What's UTC? It's a time standard we base civil times zones from, not an actual timezone. Though people often interchange it with Greenwich Mean Time (GMT, an actual timezone), they aren't really the same thing. UTC uses International Atomic Time, which allows seconds to be a consistent quantity of time, whereas timezones (and sundials) are rooted in the time it takes for the Earth to rotate and revolve around the sun. You're probably thinking, like I did, "uh-huh. So?" Although I believe in physics, I didn't stop and think before about how any mass will eventually slow down. The Earth's rotation has been slowing, and that's something, even as software engineers, we end up learning about and having to account for when dealing with time.

new Date() will create a Date for the timezone you are in when you instantiate. I'm going to repeat this because I think it's an important point, "for the timezone you are in."
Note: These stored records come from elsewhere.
lemma weighted_square_deviation:
  fixes p v :: "real^'n::finite"
  assumes "(\<Sum>y\<in>UNIV. p $ y) = 1"
  shows "(\<Sum>y\<in>UNIV. p $ y * (x - v $ y)^2)
       = (x - p \<bullet> v)^2 + (\<Sum>y\<in>UNIV. p $ y * (p \<bullet> v - v $ y)^2)"
proof -
  let ?m = "p \<bullet> v"
  have pointwise: "p $ y * (x - v $ y)^2
      = (x - ?m)^2 * p $ y + 2 * (x - ?m) * (?m * p $ y - p $ y * v $ y)
        + p $ y * (?m - v $ y)^2" for y
    by (simp add: power2_eq_square algebra_simps)
  have "(\<Sum>y\<in>UNIV. p $ y * (x - v $ y)^2)
      = (x - ?m)^2 * (\<Sum>y\<in>UNIV. p $ y)
        + 2 * (x - ?m) * (?m * (\<Sum>y\<in>UNIV. p $ y) - (\<Sum>y\<in>UNIV. p $ y * v $ y))
        + (\<Sum>y\<in>UNIV. p $ y * (?m - v $ y)^2)"
    unfolding pointwise
    by (simp add: sum.distrib sum_distrib_left[symmetric] sum_subtractf right_diff_distrib)
  also have "(\<Sum>y\<in>UNIV. p $ y * v $ y) = ?m" by (simp add: inner_vec_def)
  finally show ?thesis using assms by simp
qed

lemma sq_surrogate_risk:
  fixes p :: "real^'n::finite"
  assumes "(\<Sum>y\<in>UNIV. p $ y) = 1"
  shows "p \<bullet> sq_surrogate b r u
       = (\<Sum>j<r. (u j - p \<bullet> b j)^2) + (\<Sum>j<r. \<Sum>y\<in>UNIV. p $ y * (p \<bullet> b j - b j $ y)^2)"
proof -
  have "p \<bullet> sq_surrogate b r u = (\<Sum>y\<in>UNIV. p $ y * (\<Sum>j<r. (u j - b j $ y)^2))"
    by (simp add: inner_vec_def sq_surrogate_def)
  also have "\<dots> = (\<Sum>j<r. \<Sum>y\<in>UNIV. p $ y * (u j - b j $ y)^2)"
    unfolding sum_distrib_left by (rule sum.swap)
  also have "\<dots> = (\<Sum>j<r. (u j - p \<bullet> b j)^2 + (\<Sum>y\<in>UNIV. p $ y * (p \<bullet> b j - b j $ y)^2))"
    by (rule sum.cong[OF refl weighted_square_deviation[OF assms]])
  finally show ?thesis by (simp add: sum.distrib)
qed

definition minimises :: "('k \<Rightarrow> real) \<Rightarrow> 'k \<Rightarrow> bool" where
  "minimises f t \<longleftrightarrow> (\<forall>t'. f t \<le> f t')"

definition lin_score :: "('k \<Rightarrow> nat \<Rightarrow> real) \<Rightarrow> nat \<Rightarrow> (nat \<Rightarrow> real) \<Rightarrow> 'k \<Rightarrow> real" where
  "lin_score c r u t = (\<Sum>j<r. u j * c t j)"

lemma finite_min_gap:
  fixes f :: "'k::finite \<Rightarrow> real"
  obtains g where "0 < g" "\<And>t. f t < Min (range f) + g \<Longrightarrow> f t = Min (range f)"
proof -
  let ?\<mu> = "Min (range f)"
  define G where "G = {f t - ?\<mu> | t. f t \<noteq> ?\<mu>} \<union> {1}"
  have fin: "finite G" by (simp add: G_def)
  have "f t \<ge> ?\<mu>" for t by simp
  then have "0 < Min G" using fin by (auto simp: G_def order_le_neq_trans)
  moreover have "f t = ?\<mu>" if "f t < ?\<mu> + Min G" for t
  proof (rule ccontr)
    assume "f t \<noteq> ?\<mu>"
    then have "Min G \<le> f t - ?\<mu>" using fin by (intro Min_le) (auto simp: G_def)
    with that show False by simp
  qed
  ultimately show ?thesis by (rule that)
qed

lemma lin_score_perturbation:
  assumes "\<And>j. j < r \<Longrightarrow> \<bar>u j - m j\<bar> \<le> \<eta>"
  shows "\<bar>lin_score c r u t - lin_score c r m t\<bar> \<le> \<eta> * (\<Sum>j<r. \<bar>c t j\<bar>)"
proof -
  have "\<bar>lin_score c r u t - lin_score c r m t\<bar> = \<bar>\<Sum>j<r. (u j - m j) * c t j\<bar>"
    by (simp add: lin_score_def sum_subtractf left_diff_distrib)
  also have "\<dots> \<le> (\<Sum>j<r. \<bar>u j - m j\<bar> * \<bar>c t j\<bar>)"
    by (rule order_trans[OF sum_abs]) (simp add: abs_mult)
  also have "\<dots> \<le> (\<Sum>j<r. \<eta> * \<bar>c t j\<bar>)"
    using assms by (intro sum_mono mult_right_mono) auto
  finally show ?thesis by (simp add: sum_distrib_left)
qed

lemma lin_score_minimiser_stable:
  fixes c :: "'k::finite \<Rightarrow> nat \<Rightarrow> real"
  obtains \<eta> where "0 < \<eta>"
    "\<And>u t. (\<And>j. j < r \<Longrightarrow> \<bar>u j - m j\<bar> < \<eta>) \<Longrightarrow> minimises (lin_score c r u) t
       \<Longrightarrow> minimises (lin_score c r m) t"
proof -
  let ?f = "lin_score c r m"
  let ?\<mu> = "Min (range ?f)"
  obtain g where g: "0 < g" "\<And>t. ?f t < ?\<mu> + g \<Longrightarrow> ?f t = ?\<mu>"
    using finite_min_gap by blast
  have "?\<mu> \<in> range ?f" by (rule Min_in) auto
  then obtain t0 where t0: "?f t0 = ?\<mu>" by (metis rangeE)
  define A where "A = (\<Sum>t\<in>UNIV. \<Sum>j<r. \<bar>c t j\<bar>)"
  have A: "(\<Sum>j<r. \<bar>c t j\<bar>) \<le> A" for t
    unfolding A_def by (rule member_le_sum) (auto intro: sum_nonneg)
  have A0: "0 \<le> A" unfolding A_def by (auto intro!: sum_nonneg)
  define \<eta> where "\<eta> = g / (2 * A + 1)"
  have \<eta>0: "0 < \<eta>" using g(1) A0 by (simp add: \<eta>_def)
  have \<eta>A: "2 * \<eta> * A < g"
  proof -
    have "\<eta> * (2 * A + 1) = g" using A0 by (simp add: \<eta>_def)
    then show ?thesis using \<eta>0 by (simp add: algebra_simps)
  qed
  show ?thesis
  proof (rule that[OF \<eta>0])
    fix u t
    assume near: "\<And>j. j < r \<Longrightarrow> \<bar>u j - m j\<bar> < \<eta>"
      and "minimises (lin_score c r u) t"
    then have min_u: "lin_score c r u t \<le> lin_score c r u t'" for t'
      by (simp add: minimises_def)
    have close: "\<bar>lin_score c r u s - ?f s\<bar> \<le> \<eta> * A" for s
    proof -
      have "\<bar>lin_score c r u s - ?f s\<bar> \<le> \<eta> * (\<Sum>j<r. \<bar>c s j\<bar>)"
        by (rule lin_score_perturbation) (simp add: near less_imp_le)
      also have "\<dots> \<le> \<eta> * A" using A \<eta>0 by (intro mult_left_mono) auto
      finally show ?thesis .
    qed
    have "?f t \<le> lin_score c r u t + \<eta> * A" using close[of t] by linarith
    also have "\<dots> \<le> lin_score c r u t0 + \<eta> * A" using min_u[of t0] by simp
    also have "\<dots> \<le> ?\<mu> + 2 * \<eta> * A" using close[of t0] t0 by linarith
    also have "\<dots> < ?\<mu> + g" using \<eta>A by simp
    finally have "?f t = ?\<mu>" by (rule g(2))
    then show "minimises ?f t" by (simp add: minimises_def)
  qed
qed

lemma sq_surrogate_calibrated:
  fixes L :: "real^'k::finite^'n::finite"
  assumes expansion: "\<And>t. column t L = (\<Sum>j<r. c t j *\<^sub>R b j)"
  shows "calibrated L (Rd r) (sq_surrogate b r)"
  unfolding calibrated_def
proof (intro exI[of _ "\<lambda>u. arg_min_on (lin_score c r u) UNIV"] ballI)
  fix p :: "real^'n"
  assume "p \<in> prob_simplex"
  then have sum1: "(\<Sum>y\<in>UNIV. p $ y) = 1" by (simp add: prob_simplex_def)
  let ?risk = "\<lambda>u. p \<bullet> sq_surrogate b r u"
  let ?bad = "{u \<in> Rd r. arg_min_on (lin_score c r u) UNIV \<notin> opt_set L p}"
  define m where "m j = (if j < r then p \<bullet> b j else 0)" for j
  define K where "K = (\<Sum>j<r. \<Sum>y\<in>UNIV. p $ y * (p \<bullet> b j - b j $ y)^2)"
  have risk: "?risk u = (\<Sum>j<r. (u j - m j)^2) + K" for u
    using sq_surrogate_risk[OF sum1, of b r u] by (simp add: m_def K_def)
  have score_m: "lin_score c r m t = p \<bullet> column t L" for t
    by (simp add: expansion lin_score_def inner_sum_right m_def mult.commute)
  then have opt: "opt_set L p = {t. minimises (lin_score c r m) t}"
    by (simp add: opt_set_def minimises_def)
  obtain \<eta> where \<eta>0: "0 < \<eta>" and stable:
    "\<And>u t. (\<And>j. j < r \<Longrightarrow> \<bar>u j - m j\<bar> < \<eta>) \<Longrightarrow> minimises (lin_score c r u) t
       \<Longrightarrow> minimises (lin_score c r m) t"
    using lin_score_minimiser_stable[of r m c] by blast
  have far: "\<exists>j<r. \<eta> \<le> \<bar>u j - m j\<bar>" if "u \<in> ?bad" for u
  proof (rule ccontr)
    assume "\<not> ?thesis"
    then have "\<And>j. j < r \<Longrightarrow> \<bar>u j - m j\<bar> < \<eta>" by force
    moreover have "minimises (lin_score c r u) (arg_min_on (lin_score c r u) UNIV)"
      by (simp add: minimises_def arg_min_least)
    ultimately have "arg_min_on (lin_score c r u) UNIV \<in> opt_set L p"
      unfolding opt by (blast intro: stable)
    with that show False by simp
  qed
  have "K + \<eta>^2 \<le> ?risk u" if bad: "u \<in> ?bad" for u
  proof -
    obtain j where j: "j < r" "\<eta> \<le> \<bar>u j - m j\<bar>" using far[OF bad] by blast
    have "\<eta>^2 \<le> (u j - m j)^2"
      using j \<eta>0 by (metis abs_le_square_iff abs_of_pos less_imp_le)
    also have "\<dots> \<le> (\<Sum>j<r. (u j - m j)^2)"
      by (rule member_le_sum) (use j in auto)
    finally show ?thesis using risk[of u] by simp
  qed
  then have "ereal (K + \<eta>^2) \<le> (INF u\<in>?bad. ereal (?risk u))"
    by (intro INF_greatest) simp
  moreover have "(INF u\<in>Rd r. ereal (?risk u)) \<le> ereal K"
    using INF_lower[of m "Rd r" "\<lambda>u. ereal (?risk u)"] risk[of m]
    by (simp add: Rd_def m_def)
  moreover have "ereal K < ereal (K + \<eta>^2)" using \<eta>0 by simp
  ultimately show "(INF u\<in>?bad. ereal (?risk u)) > (INF u\<in>Rd r. ereal (?risk u))"
    by order
qed

theorem mainTheorem9:
  fixes L :: "real^'k::finite^'n::finite"
  assumes "nonneg_loss_matrix L"
    and "standing_assumption L"
  shows "CCdim L \<le> enat (rank L)"
proof -
  obtain b c where expansion: "\<And>t. column t L = (\<Sum>j<rank L. c t j *\<^sub>R b j)"
    using column_expansion[of L] by metis
  have "convex_calibrated_surrogate L (rank L) (Rd (rank L)) (sq_surrogate b (rank L))"
    unfolding convex_calibrated_surrogate_def
    using Rd_convex sq_surrogate_nonneg sq_surrogate_convex
      sq_surrogate_calibrated[OF expansion] by auto
  then show ?thesis
    unfolding CCdim_def by (intro INF_lower2[of "rank L"]) auto
qed

end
If you are storing data in more than one timezone, you have to do a few other computations to sync time across timezones. Instead, I like to create currentTime this way:

const currentTime = new Date(Date.now()) .toISOString().

What's that do? .toISOString() returns a formatted string for the date in UTC. There you go, you're in UTC with a date you instantiated somewhere else.

It's good to have consistent practices in how you keep your time data. All times, IMO, should be stored in UTC. Really, just pick one timezone to store all your data and be consistent. Why? It's a bit cleaner.

The backend stores the data (all in respect to the same timezone) and sends it to the user. On the front end, the time conversion should be done based on the user's location. It saves on cognitive load for the user, who may not feel like converting from their home time zone to the timezone they are in (remember when we could travel?).

Now, let's say the user inputted their location when they signed up for your app. What happens when they are out of town? If you're relying on the home address of the user to define timezone then this can be a problem. Instead, you can find the timezone of the user device and then convert time. Here's how:

const deviceTZ = () => Intl.DateTimeFormat().resolvedOptions().timeZone

That will give you the actual timezone name, "America/Los_Angeles" for example.

Testing your time and patience

Yes, you should write tests for the data conversions. Testing is how we show verisimilitude, that our code does what we say it's supposed to, and what edge cases we are defensive against. I know, testing isn't always fun to write. For me it makes me wonder if I really thought through what I wrote and how I understand what else is going on. If I'm asking myself that, I probably don't understand that well. And that's an advantage of writing tests.

I wrote tests for time function that used date-fns to help convert a Date in UTC to a user's timezone. No sweat, right? date-fns has their own tests and it shouldn't have been a big deal. Then the tests failed. It really shouldn't have been an issue. The only thing I wrote, really, was getting the user timezone. Seemed to work in my browser console. The problem was how I wrote my expected return in the tests. The server running the tests was in a different timezone, so I had to hardcode the outcome to be an ISO string. It's better to be empirical and hardcode what the expected outcome should be.

In school, one teacher had said that their favorite part about programming was how much you get to learn about the world. Had they not worked in tech, they wouldn't know as much as they do now about time zones and the exceptions around the world to account for. I have a co-worker who specializes in Machine Learning, and they're learning a lot about personality psychology for the product we're creating. I even have a former classmate that works for a pet food company (yup, in tech) and she, too, is learning more than just technology. Time is challenging, but it's fascinating to learn about as a side effect of being a programmer.